__TASK DETAILS__. Set down all of the data that follows, keeping every character.

====== INPUT FOR THIS TASK

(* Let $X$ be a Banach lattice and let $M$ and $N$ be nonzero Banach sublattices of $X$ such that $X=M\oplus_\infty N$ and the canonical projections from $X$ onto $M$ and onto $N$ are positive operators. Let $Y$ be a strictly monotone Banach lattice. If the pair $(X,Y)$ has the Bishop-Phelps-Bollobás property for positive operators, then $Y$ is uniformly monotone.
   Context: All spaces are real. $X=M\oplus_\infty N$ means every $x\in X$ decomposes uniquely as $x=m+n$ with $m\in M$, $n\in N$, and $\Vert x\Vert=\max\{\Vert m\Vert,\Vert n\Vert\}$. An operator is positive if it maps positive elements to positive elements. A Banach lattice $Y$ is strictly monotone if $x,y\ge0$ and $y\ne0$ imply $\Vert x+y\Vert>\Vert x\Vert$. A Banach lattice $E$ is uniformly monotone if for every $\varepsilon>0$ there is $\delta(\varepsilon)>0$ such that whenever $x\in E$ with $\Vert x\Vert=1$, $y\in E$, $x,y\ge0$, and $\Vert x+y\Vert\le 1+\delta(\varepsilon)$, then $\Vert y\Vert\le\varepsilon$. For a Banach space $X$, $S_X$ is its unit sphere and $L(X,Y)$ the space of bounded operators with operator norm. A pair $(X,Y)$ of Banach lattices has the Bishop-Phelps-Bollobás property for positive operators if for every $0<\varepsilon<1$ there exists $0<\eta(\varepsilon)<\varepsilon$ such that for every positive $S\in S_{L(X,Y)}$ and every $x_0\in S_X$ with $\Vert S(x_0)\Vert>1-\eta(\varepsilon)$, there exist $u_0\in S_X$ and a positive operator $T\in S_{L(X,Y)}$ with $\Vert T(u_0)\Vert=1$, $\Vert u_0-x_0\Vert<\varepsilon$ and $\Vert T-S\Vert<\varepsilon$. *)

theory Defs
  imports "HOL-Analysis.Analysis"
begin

============

__EXPECTED ANSWER__.
(* Let $X$ be a Banach lattice and let $M$ and $N$ be nonzero Banach sublattices of $X$ such that $X=M\oplus_\infty N$ and the canonical projections from $X$ onto $M$ and onto $N$ are positive operators. Let $Y$ be a strictly monotone Banach lattice. If the pair $(X,Y)$ has the Bishop-Phelps-Bollobás property for positive operators, then $Y$ is uniformly monotone.
   Context: All spaces are real. $X=M\oplus_\infty N$ means every $x\in X$ decomposes uniquely as $x=m+n$ with $m\in M$, $n\in N$, and $\Vert x\Vert=\max\{\Vert m\Vert,\Vert n\Vert\}$. An operator is positive if it maps positive elements to positive elements. A Banach lattice $Y$ is strictly monotone if $x,y\ge0$ and $y\ne0$ imply $\Vert x+y\Vert>\Vert x\Vert$. A Banach lattice $E$ is uniformly monotone if for every $\varepsilon>0$ there is $\delta(\varepsilon)>0$ such that whenever $x\in E$ with $\Vert x\Vert=1$, $y\in E$, $x,y\ge0$, and $\Vert x+y\Vert\le 1+\delta(\varepsilon)$, then $\Vert y\Vert\le\varepsilon$. For a Banach space $X$, $S_X$ is its unit sphere and $L(X,Y)$ the space of bounded operators with operator norm. A pair $(X,Y)$ of Banach lattices has the Bishop-Phelps-Bollobás property for positive operators if for every $0<\varepsilon<1$ there exists $0<\eta(\varepsilon)<\varepsilon$ such that for every positive $S\in S_{L(X,Y)}$ and every $x_0\in S_X$ with $\Vert S(x_0)\Vert>1-\eta(\varepsilon)$, there exist $u_0\in S_X$ and a positive operator $T\in S_{L(X,Y)}$ with $\Vert T(u_0)\Vert=1$, $\Vert u_0-x_0\Vert<\varepsilon$ and $\Vert T-S\Vert<\varepsilon$. *)

theory Defs
  imports "HOL-Analysis.Analysis"
begin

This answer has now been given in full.